lemma unp_in_cfm: "a \<in> cfm V \<Longrightarrow> unp a \<in> cfm (dvocab V)"
  by (simp add: cfm_def closed_def unp_def fv_map_fm wf_dvocab_map_fm)

lemma prime_in_cfm: "a \<in> cfm V \<Longrightarrow> prime a \<in> cfm (dvocab V)"
  by (simp add: cfm_def closed_def prime_def fv_map_fm wf_dvocab_map_fm)

lemma cfm_Neg_iff [simp]: "Neg a \<in> cfm V \<longleftrightarrow> a \<in> cfm V"
  and cfm_Conj_iff [simp]: "Conj a b \<in> cfm V \<longleftrightarrow> a \<in> cfm V \<and> b \<in> cfm V"
  by (auto simp: cfm_def closed_def)

lemma conjs_in_cfm: "set xs \<subseteq> cfm V \<Longrightarrow> conjs xs \<in> cfm V"
  by (induction xs rule: conjs.induct) (auto simp: cfm_def closed_def)

lemma conj_class_mono: "k \<le> n \<Longrightarrow> conj_class k P \<subseteq> conj_class n P"
  by (auto simp: conj_class_def)

lemma conj_class_subset_cfm: "P \<subseteq> cfm V \<Longrightarrow> conj_class n P \<subseteq> cfm V"
  by (auto simp: conj_class_def intro!: conjs_in_cfm)

lemma conj_class_Conj:
  assumes "\<phi> \<in> conj_class k P" "\<psi> \<in> conj_class l P"
  obtains \<chi> where "\<chi> \<in> conj_class (k + l) P"
    and "\<And>D I R e. holds D I R e \<chi> \<longleftrightarrow> holds D I R e \<phi> \<and> holds D I R e \<psi>"
proof -
  obtain xs ys where "\<phi> = conjs xs" "\<psi> = conjs ys" "xs \<noteq> []" "ys \<noteq> []"
    "length xs \<le> k" "length ys \<le> l" "set xs \<subseteq> P" "set ys \<subseteq> P"
    using assms by (auto simp: conj_class_def)
  then show thesis
    by (intro that[of "conjs (xs @ ys)"])
      (auto simp: conj_class_def holds_conjs intro!: exI[of _ "xs @ ys"])
qed
definition Mk_S2 :: "(nat \<Rightarrow> 's2 set) \<Rightarrow> nat \<Rightarrow> nat \<Rightarrow> 's2 set" where
  "Mk_S2 S2 k n = S2 (num_kun k n)"

definition Mk_f ::
  "(nat \<Rightarrow> 's1 \<Rightarrow> 's2 \<Rightarrow> nat \<Rightarrow> real) \<Rightarrow> nat \<Rightarrow> (nat \<Rightarrow> nat \<Rightarrow> nat multiset)
   \<Rightarrow> nat \<Rightarrow> 's1 \<Rightarrow> 's2 \<Rightarrow> nat \<Rightarrow> real" where
  "Mk_f f k e n s1 s2 j =
     (\<Sum>l<num_kun k n. f (num_kun k n) s1 s2 l * (real (count (e n l) j) / real k))"

end

theory Submission
  imports Defs
begin

text \<open>The mechanism \<open>M\<^sup>k\<close> played on \<open>A\<close> is literally \<open>M\<close> played on \<open>k-UN(A)\<close>, so its
  equilibrium outcomes are \<open>\<delta>\<close>-Pareto efficient with respect to the \<open>k\<close>-uniform averages.
  It remains to see that every point \<open>y\<close> of the convex hull of \<open>A\<close> is dominated up to \<open>1/k\<close> in
  both coordinates by some \<open>k\<close>-uniform average. By Caratheodory in the plane, \<open>y\<close> is a convex
  combination \<open>u\<^sub>1 a\<^sub>1 + u\<^sub>2 a\<^sub>2 + u\<^sub>3 a\<^sub>3\<close>. Rounding the cumulative masses \<open>k u\<^sub>1\<close> and
  \<open>k (u\<^sub>1 + u\<^sub>2)\<close> down to integers gives counts \<open>c\<^sub>i\<close> summing to \<open>k\<close> with
  \<open>k y - (c\<^sub>1 a\<^sub>1 + c\<^sub>2 a\<^sub>2 + c\<^sub>3 a\<^sub>3) \<le> max \<phi>\<^sub>1 \<phi>\<^sub>2 < 1\<close> in each coordinate, where the \<open>\<phi>\<^sub>i\<close> are
  the two fractional parts and the coordinates of the \<open>a\<^sub>i\<close> lie in \<open>[0,1]\<close>.\<close>

definition mset_average :: "nat \<Rightarrow> nat \<Rightarrow> (nat \<Rightarrow> 'a::real_vector) \<Rightarrow> nat multiset \<Rightarrow> 'a" where
  "mset_average k n A X = (\<Sum>j<n. (real (count X j) / real k) *\<^sub>R A j)"

lemma kUN_eq_mset_average: "kUN k e n A l = mset_average k n A (e n l)"
  by (simp add: kUN_def mset_average_def)

lemma sum_count_scaleR_eq_sum_mset:
  fixes v :: "nat \<Rightarrow> 'a::real_vector"
  assumes "set_mset X \<subseteq> {..<n}"
  shows "(\<Sum>j<n. real (count X j) *\<^sub>R v j) = (\<Sum>x\<in>#X. v x)"
  using assms
proof (induction X)
  case empty
  then show ?case by simp
next
  case (add a X)
  have "real (count (add_mset a X) j) *\<^sub>R v j = real (count X j) *\<^sub>R v j + (if a = j then v j else 0)"
    for j by (simp add: scaleR_add_left)
  then have "(\<Sum>j<n. real (count (add_mset a X) j) *\<^sub>R v j)
      = (\<Sum>j<n. real (count X j) *\<^sub>R v j) + (\<Sum>j<n. if a = j then v j else 0)"
    by (simp only: sum.distrib)
  with add show ?case by simp
qed

lemma mset_average_eq_sum_mset:
  assumes "set_mset X \<subseteq> {..<n}"
  shows "mset_average k n A X = (\<Sum>x\<in>#X. A x) /\<^sub>R real k"
proof -
  have "mset_average k n A X = (\<Sum>j<n. real (count X j) *\<^sub>R A j) /\<^sub>R real k"
    by (simp add: mset_average_def scaleR_sum_right divide_inverse_commute)
  then show ?thesis
    by (simp only: sum_count_scaleR_eq_sum_mset[OF assms])
qed

lemma sum_mset_replicate_mset_scaleR: "sum_mset (replicate_mset c v) = real c *\<^sub>R (v :: 'a::real_vector)"
  by (induction c) (simp_all add: scaleR_add_left)

lemma sum_count_kmsets:
  assumes "X \<in> kmsets k n"
  shows "(\<Sum>j<n. real (count X j)) = real k"
proof -
  have "(\<Sum>j<n. real (count X j) *\<^sub>R 1) = (\<Sum>x\<in>#X. 1 :: real)"
    using assms by (intro sum_count_scaleR_eq_sum_mset) (simp add: kmsets_def)
  then show ?thesis
    using assms by (simp add: kmsets_def)
qed

lemma mset_average_kmsets_in_convex:
  assumes "X \<in> kmsets k n" "k > 0" "convex C" "\<forall>j<n. A j \<in> C"
  shows "mset_average k n A X \<in> C"
  unfolding mset_average_def
proof (rule convex_sum)
  show "(\<Sum>j<n. real (count X j) / real k) = 1"
    using sum_count_kmsets[OF assms(1)] assms(2) by (simp flip: sum_divide_distrib)
qed (use assms in auto)

lemma collection_kUN:
  assumes "collection n A" "k > 0" "bij_betw (e n) {..<num_kun k n} (kmsets k n)"
  shows "collection (num_kun k n) (kUN k e n A)"
proof -
  have "replicate_mset k 0 \<in> kmsets k n"
    using assms(1) by (simp add: kmsets_def collection_def)
  then have "{..<num_kun k n} \<noteq> {}"
    using bij_betw_imp_surj_on[OF assms(3)] by auto
  then have "num_kun k n \<ge> 1"
    by (simp add: Suc_le_eq lessThan_empty_iff)
  moreover have "kUN k e n A l \<in> {0..1} \<times> {0..1}" if "l < num_kun k n" for l
    unfolding kUN_eq_mset_average
    by (rule mset_average_kmsets_in_convex)
       (use assms that bij_betwE in \<open>auto simp: collection_def convex_Times\<close>)
  ultimately show ?thesis by (simp add: collection_def)
qed
lemma
  fixes \<phi> :: "'k \<Rightarrow> real" and F :: "'a \<Rightarrow> real"
  assumes F: "F \<in> borel_measurable \<omega>"
    and ae: "AE y in \<omega>. integrable (S y) (\<lambda>x. \<phi> (block_index x))"
    and ae_abs: "AE y in \<omega>. integrable (S y) (\<lambda>x. \<bar>\<phi> (block_index x)\<bar>)"
    and dominated: "integrable \<omega> (\<lambda>y. \<bar>F y\<bar> * kop S (\<lambda>x. \<bar>\<phi> (block_index x)\<bar>) y)"
  shows integrable_weighted_block_function:
      "integrable (count_space UNIV) (\<lambda>k. \<phi> k * (\<integral>y. F y * measure (S y) (Y k) \<partial>\<omega>))"
    and integral_mult_kop_block_function:
      "(\<integral>k. \<phi> k * (\<integral>y. F y * measure (S y) (Y k) \<partial>\<omega>) \<partial>count_space UNIV) =
       (\<integral>y. F y * kop S (\<lambda>x. \<phi> (block_index x)) y \<partial>\<omega>)"
proof -
  interpret prob_space \<omega> by (rule prob_space)
  interpret pair_sigma_finite \<omega> "count_space (UNIV :: 'k set)"
    by (intro pair_sigma_finite.intro sigma_finite_measure_count_space) unfold_locales
  define G where "G = (\<lambda>(y, k). F y * (\<phi> k * measure (S y) (Y k)))"
  have G: "G \<in> borel_measurable (\<omega> \<Otimes>\<^sub>M count_space UNIV)"
  proof -
    have "(\<lambda>(k, y). F y * (\<phi> k * measure (S y) (Y k))) \<in> borel_measurable (count_space UNIV \<Otimes>\<^sub>M \<omega>)"
      using F measurable_measure_markov_kernel[OF markov_S sets_block]
      by (intro measurable_pair_measure_countable1) simp_all
    then show ?thesis unfolding G_def by (subst measurable_pair_swap_iff) (simp add: case_prod_beta)
  qed
  have norm_inner: "AE y in \<omega>. (\<integral>k. norm (G (y, k)) \<partial>count_space UNIV) =
      \<bar>F y\<bar> * kop S (\<lambda>x. \<bar>\<phi> (block_index x)\<bar>) y"
    using ae_abs
  proof (rule AE_mp, intro AE_I2 impI)
    fix y assume y: "y \<in> space \<omega>" and i: "integrable (S y) (\<lambda>x. \<bar>\<phi> (block_index x)\<bar>)"
    have "(\<integral>k. norm (G (y, k)) \<partial>count_space UNIV) =
        \<bar>F y\<bar> * (\<integral>k. \<bar>\<phi> k\<bar> * measure (S y) (Y k) \<partial>count_space UNIV)"
      unfolding G_def using measure_S_bounds[OF y] by (simp add: abs_mult)
    then show "(\<integral>k. norm (G (y, k)) \<partial>count_space UNIV) = \<bar>F y\<bar> * kop S (\<lambda>x. \<bar>\<phi> (block_index x)\<bar>) y"
      using kop_block_function[OF y i] by simp
  qed
  have GI: "integrable (\<omega> \<Otimes>\<^sub>M count_space UNIV) G"
  proof (rule Fubini_integrable[OF G])
    show "integrable \<omega> (\<lambda>y. \<integral>k. norm (G (y, k)) \<partial>count_space UNIV)"
      using dominated G by (subst integrable_cong_AE[OF _ _ norm_inner]) auto
    show "AE y in \<omega>. integrable (count_space UNIV) (\<lambda>k. G (y, k))"
      using ae by (rule AE_mp) (auto intro!: AE_I2 simp: G_def intro: integrable_block_function_weights)
  qed
  have inner: "AE y in \<omega>. (\<integral>k. G (y, k) \<partial>count_space UNIV) = F y * kop S (\<lambda>x. \<phi> (block_index x)) y"
    using ae by (rule AE_mp) (auto intro!: AE_I2 simp: G_def kop_block_function)
  have outer: "(\<integral>y. G (y, k) \<partial>\<omega>) = \<phi> k * (\<integral>y. F y * measure (S y) (Y k) \<partial>\<omega>)" for k
  proof -
    have "(\<lambda>y. G (y, k)) = (\<lambda>y. \<phi> k * (F y * measure (S y) (Y k)))"
      unfolding G_def by (simp add: ac_simps)
    then show ?thesis by simp
  qed
  show "integrable (count_space UNIV) (\<lambda>k. \<phi> k * (\<integral>y. F y * measure (S y) (Y k) \<partial>\<omega>))"
    using integrable_snd[of "\<lambda>y k. G (y, k)"] GI unfolding outer by simp
  have "(\<integral>k. \<phi> k * (\<integral>y. F y * measure (S y) (Y k) \<partial>\<omega>) \<partial>count_space UNIV) =
      (\<integral>y. (\<integral>k. G (y, k) \<partial>count_space UNIV) \<partial>\<omega>)"
    using integral_snd[of "\<lambda>y k. G (y, k)"] integral_fst[of "\<lambda>y k. G (y, k)"] GI
    unfolding outer by simp
  also have "\<dots> = (\<integral>y. F y * kop S (\<lambda>x. \<phi> (block_index x)) y \<partial>\<omega>)"
  proof (rule integral_cong_AE[OF _ _ inner])
    show "(\<lambda>y. \<integral>k. G (y, k) \<partial>count_space UNIV) \<in> borel_measurable \<omega>" using G by measurable
    show "(\<lambda>y. F y * kop S (\<lambda>x. \<phi> (block_index x)) y) \<in> borel_measurable \<omega>"
      using F measurable_kop[OF markov_S measurable_block_function] by measurable
  qed
  finally show "(\<integral>k. \<phi> k * (\<integral>y. F y * measure (S y) (Y k) \<partial>\<omega>) \<partial>count_space UNIV) =
      (\<integral>y. F y * kop S (\<lambda>x. \<phi> (block_index x)) y \<partial>\<omega>)" .
qed
definition clique :: "'a set \<Rightarrow> ('a \<Rightarrow> 'a \<Rightarrow> bool) \<Rightarrow> 'a set \<Rightarrow> bool" where
  "clique V E K \<longleftrightarrow> K \<subseteq> V \<and> (\<forall>x\<in>K. \<forall>y\<in>K. x \<noteq> y \<longrightarrow> E x y)"

definition clique_number :: "'a set \<Rightarrow> ('a \<Rightarrow> 'a \<Rightarrow> bool) \<Rightarrow> nat" where
  "clique_number V E = Max (card ` {K. clique V E K})"

definition colouring :: "'a set \<Rightarrow> ('a \<Rightarrow> 'a \<Rightarrow> bool) \<Rightarrow> nat \<Rightarrow> ('a \<Rightarrow> nat) \<Rightarrow> bool" where
  "colouring V E k c \<longleftrightarrow> (\<forall>v\<in>V. c v < k) \<and> (\<forall>u\<in>V. \<forall>v\<in>V. E u v \<longrightarrow> c u \<noteq> c v)"

definition chromatic_number :: "'a set \<Rightarrow> ('a \<Rightarrow> 'a \<Rightarrow> bool) \<Rightarrow> nat" where
  "chromatic_number V E = (LEAST k. \<exists>c. colouring V E k c)"

end

theory Submission
  imports Defs
begin

text \<open>Fix a maximum clique h 0, \<dots>, h (w - 1). By maximality every vertex outside it misses
  some clique vertex, so by (K5 - e)-freeness it has at most two neighbours in the clique; by
  2K2-freeness the outside vertices missing a common pair of clique vertices are independent.
  Colouring outside vertices by a missed pair, and reusing the colour of a missed clique vertex
  where possible, needs w + 2 colours when w \<ge> 4 and w + 3 otherwise.\<close>

lemma graph_sym: "graph V E \<Longrightarrow> E u v \<Longrightarrow> E v u"
  and graph_irrefl: "graph V E \<Longrightarrow> \<not> E v v"
  and graph_finite: "graph V E \<Longrightarrow> finite V"
  unfolding graph_def by blast+

lemma contains_induced_twoK2I:
  assumes g: "graph V E" and V: "x \<in> V" "y \<in> V" "a \<in> V" "b \<in> V"
    and e: "E x y" "E a b" "\<not> E x a" "\<not> E x b" "\<not> E y a" "\<not> E y b"
  shows "contains_induced V E twoK2_V twoK2_E"
proof -
  have e': "E y x" "E b a" "\<not> E a x" "\<not> E b x" "\<not> E a y" "\<not> E b y"
    using e graph_sym[OF g] by blast+
  have "x \<noteq> y" "x \<noteq> a" "x \<noteq> b" "y \<noteq> a" "y \<noteq> b" "a \<noteq> b"
    using e e' graph_irrefl[OF g] by metis+
  moreover define f :: "nat \<Rightarrow> _" where "f n = [x, y, a, b] ! n" for n
  ultimately show ?thesis
    unfolding contains_induced_def twoK2_V_def twoK2_E_def
    using V e e' graph_irrefl[OF g]
    by (intro exI[of _ f]) (auto simp: f_def inj_on_def doubleton_eq_iff)
qed

lemma contains_induced_K5eI:
  assumes g: "graph V E" and V: "x \<in> V" "y \<in> V" "a \<in> V" "b \<in> V" "c \<in> V"
    and "x \<noteq> y" and e: "\<not> E x y" "E x a" "E x b" "E x c" "E y a" "E y b" "E y c"
      "E a b" "E a c" "E b c"
  shows "contains_induced V E K5e_V K5e_E"
proof -
  have e': "\<not> E y x" "E a x" "E b x" "E c x" "E a y" "E b y" "E c y" "E b a" "E c a" "E c b"
    using e graph_sym[OF g] by blast+
  have "x \<noteq> a" "x \<noteq> b" "x \<noteq> c" "y \<noteq> a" "y \<noteq> b" "y \<noteq> c" "a \<noteq> b" "a \<noteq> c" "b \<noteq> c"
    using e graph_irrefl[OF g] by metis+
  moreover define f :: "nat \<Rightarrow> _" where "f n = [x, y, a, b, c] ! n" for n
  ultimately show ?thesis
    unfolding contains_induced_def K5e_V_def K5e_E_def
    using V \<open>x \<noteq> y\<close> e e' graph_irrefl[OF g]
    by (intro exI[of _ f]) (auto simp: f_def inj_on_def doubleton_eq_iff)
qed

lemma finite_clique_cards: "graph V E \<Longrightarrow> finite (card ` {K. clique V E K})"
  by (rule finite_imageI, rule finite_subset[of _ "Pow V"]) (auto simp: clique_def graph_finite)

lemma card_le_clique_number: "graph V E \<Longrightarrow> clique V E K \<Longrightarrow> card K \<le> clique_number V E"
  unfolding clique_number_def by (auto intro: Max_ge finite_clique_cards)

lemma maximum_clique_exists: "graph V E \<Longrightarrow> \<exists>K. clique V E K \<and> card K = clique_number V E"
proof -
  assume "graph V E"
  moreover have "clique V E {}" by (simp add: clique_def)
  ultimately have "clique_number V E \<in> card ` {K. clique V E K}"
    unfolding clique_number_def by (intro Max_in finite_clique_cards) auto
  then show ?thesis by auto
qed

lemma chromatic_number_le: "colouring V E k c \<Longrightarrow> chromatic_number V E \<le> k"
  unfolding chromatic_number_def by (auto intro: Least_le)

locale indexed_maximum_clique =
  fixes V :: "'a set" and E :: "'a \<Rightarrow> 'a \<Rightarrow> bool" and w :: nat and h :: "nat \<Rightarrow> 'a"
  assumes graph: "graph V E"
    and clique: "clique V E (h ` {..<w})"
    and inj: "inj_on h {..<w}"
    and maximum: "\<And>K. clique V E K \<Longrightarrow> card K \<le> w"
begin

abbreviation K :: "'a set" where "K \<equiv> h ` {..<w}"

**WHAT THE TASK REQUIRES**
Across these entries, count each line where the string "every" shows up. Give only the count.

**PROBLEM SOLUTION**
2